As the Christian year moves to its conclusion, we mark the festivals of All Saints and All Souls and start to turn our gaze heavenward.
It’s always struck me as entirely appropriate, therefore, that the signing of the armistice on the 11th of November 1918 happens to fall in this season of the year when our spiritual focus is on what lies beyond this world we know.
For soldiers who fell and for the friends who did not, the chance to remember in the context of a focus on heaven means we again are compelled to remember that this world is deeply broken, and that war is simply one symptom of a more fundamental human malaise. But it also means we look forward with hope. The notion of Heaven is to us who believe a chance to say that what we see is not all there is to know, and a brighter day will dawn.
For those who have served, that is a message that applies to our current world too. When you face hell on earth in war, it’s important to know that you’re fighting for something good and true and better than what you are knowing in that present moment. Otherwise, what’s the point?
But this season of the year, for a Christian, is not just about the 11th of November and Remembrance Sunday; important and vital to our nation as those acts of remembering may be.
Because of that heavenly focus in what some people call “Kingdom Season”, it also tends to be the time each year in which Annual Memorial services are held and those who have suffered grief or loss of any kind are given space and time to remember.
Those who live with grief know that it’s not a case of trying to ‘get over’ or ‘forget’ the pain of loss. Time is no healer either. When someone dies, you can’t deal with grief in a healthy way by forgetting. Paradoxically, we get through our grief by remembering.
It’s for exactly those reasons that it is such a privilege to be involved in the annual hosting of two special services at this time of year.
In Loving Memory offers a particular opportunity for parents who have suffered a miscarriage, still-birth or lost a child early in life. The service is relatively short and relatively quiet compared to some. But what it offers is an incredible, valuable, hallowed space for men and women to take the top off their feelings and give them over prayerfully to God.
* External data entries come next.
(* Let $A \in \mathcal{M}_n(\mathbb{H})$ be nilpotent. If $W(A)$ is a (closed) disk $\mathbb{D}_{\mathbb{H}}(c,r)=\{q\in\mathbb{H}: |q-c|\le r\}$ for some $c\in\mathbb{H}$, $r\ge 0$, then its center is the origin, i.e. $W(A)=\mathbb{D}_{\mathbb{H}}(0,r)$.
   Context: $\mathbb{H}$ denotes the real quaternions with basis $1,i,j,k$, $i^2=j^2=k^2=ijk=-1$; for $q\in\mathbb{H}$, $q^*$ is its conjugate and $|q|^2=qq^*$. For $\mathbf{x}\in\mathbb{H}^n$, $\mathbf{x}^*$ is the conjugate transpose, and $\mathbb{S}_{\mathbb{H}^n}=\{\mathbf{x}\in\mathbb{H}^n:\mathbf{x}^*\mathbf{x}=1\}$. The (quaternionic) numerical range of $A\in\mathcal{M}_n(\mathbb{H})$ is $W(A)=\{\mathbf{x}^*A\mathbf{x}:\mathbf{x}\in\mathbb{S}_{\mathbb{H}^n}\}\subseteq\mathbb{H}$. *)

theory Defs
  imports "HOL-Analysis.Analysis"
begin

datatype quat = Quat (qre: real) (qi: real) (qj: real) (qk: real)

definition qzero :: quat where "qzero = Quat 0 0 0 0"

definition qadd :: "quat \<Rightarrow> quat \<Rightarrow> quat" where
  "qadd p q = Quat (qre p + qre q) (qi p + qi q) (qj p + qj q) (qk p + qk q)"

definition qsub :: "quat \<Rightarrow> quat \<Rightarrow> quat" where
  "qsub p q = Quat (qre p - qre q) (qi p - qi q) (qj p - qj q) (qk p - qk q)"

text \<open>Hamilton product, from i^2 = j^2 = k^2 = ijk = -1.\<close>
definition qmul :: "quat \<Rightarrow> quat \<Rightarrow> quat" where
  "qmul p q = Quat
     (qre p * qre q - qi p * qi q - qj p * qj q - qk p * qk q)
     (qre p * qi q + qi p * qre q + qj p * qk q - qk p * qj q)
     (qre p * qj q - qi p * qk q + qj p * qre q + qk p * qi q)
     (qre p * qk q + qi p * qj q - qj p * qi q + qk p * qre q)"

definition qcnj :: "quat \<Rightarrow> quat" where
  "qcnj q = Quat (qre q) (- qi q) (- qj q) (- qk q)"

definition qnorm :: "quat \<Rightarrow> real" where
  "qnorm q = sqrt ((qre q)\<^sup>2 + (qi q)\<^sup>2 + (qj q)\<^sup>2 + (qk q)\<^sup>2)"

fun qsum :: "nat \<Rightarrow> (nat \<Rightarrow> quat) \<Rightarrow> quat" where
  "qsum 0 f = qzero"
| "qsum (Suc n) f = qadd (qsum n f) (f n)"

text \<open>n x n quaternion matrices are functions nat => nat => quat, only entries with
  indices < n are relevant.\<close>
type_synonym qmat = "nat \<Rightarrow> nat \<Rightarrow> quat"

definition qmat_mult :: "nat \<Rightarrow> qmat \<Rightarrow> qmat \<Rightarrow> qmat" where
  "qmat_mult n A B = (\<lambda>i j. qsum n (\<lambda>l. qmul (A i l) (B l j)))"

definition qmat_id :: "nat \<Rightarrow> qmat" where
  "qmat_id n = (\<lambda>i j. if i = j then Quat 1 0 0 0 else qzero)"

fun qmat_pow :: "nat \<Rightarrow> qmat \<Rightarrow> nat \<Rightarrow> qmat" where
  "qmat_pow n A 0 = qmat_id n"
| "qmat_pow n A (Suc k) = qmat_mult n (qmat_pow n A k) A"

definition qmat_nilpotent :: "nat \<Rightarrow> qmat \<Rightarrow> bool" where
  "qmat_nilpotent n A \<longleftrightarrow> (\<exists>k. \<forall>i<n. \<forall>j<n. qmat_pow n A k i j = qzero)"

definition qsphere :: "nat \<Rightarrow> (nat \<Rightarrow> quat) set" where
  "qsphere n = {x. qsum n (\<lambda>i. qmul (qcnj (x i)) (x i)) = Quat 1 0 0 0}"

definition qnumrange :: "nat \<Rightarrow> qmat \<Rightarrow> quat set" where
  "qnumrange n A = {qsum n (\<lambda>i. qsum n (\<lambda>j. qmul (qmul (qcnj (x i)) (A i j)) (x j))) | x. x \<in> qsphere n}"

definition qdisk :: "quat \<Rightarrow> real \<Rightarrow> quat set" where
  "qdisk c r = {q. qnorm (qsub q c) \<le> r}"

end

theory Submission
  imports Defs "Jordan_Normal_Form.Determinant"
begin

text \<open>Fix an imaginary unit e among i, j, k and project W(A) onto the plane spanned by 1 and e,
  via q |-> (Re q, Re(q e^* )); the image is the planar disk of radius r around
  (Re c, Re(c e^* )). Identifying H^n with R^(4n), the support inequality of this disk in the
  direction (1 - u^2, 2u)/(1 + u^2) says that a real symmetric matrix T(u) = T0 + u T1 + u^2 T2
  is positive semidefinite, and since the boundary point in that direction lies in W(A), T(u)
  is singular. So det T(u) vanishes for every real u, hence identically, and T(i) has a complex
  kernel vector xi + i eta. Read back in H^n as x, y, it makes x + y e a right eigenvector of A
  for the eigenvalue Re c + Re(c e^* ) e, or x - y e a right eigenvector of A^* for
  Re c - Re(c e^* ) e. Nilpotency forces that eigenvalue to vanish, so Re c = Re(c e^* ) = 0;
  letting e run through i, j, k gives c = 0.\<close>

section \<open>Quaternions as a real algebra\<close>

lemma quat_eq_iff: "p = q \<longleftrightarrow> qre p = qre q \<and> qi p = qi q \<and> qj p = qj q \<and> qk p = qk q"
  by (cases p; cases q) auto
Meanwhile, the Annual Memorial Service has a wider focus. For families who have recently suffered a bereavement of any kind – whether husband or wife, mother, father, son, daughter, grandparent, cousin, friend – we come together as one to read their names and light candles in their memory.
It sounds simple but in such acts of remembering, space is given to grief and mourning, the love we hold for those people is cherished once more, and with hope we turn our focus to a day when we may well see them once again.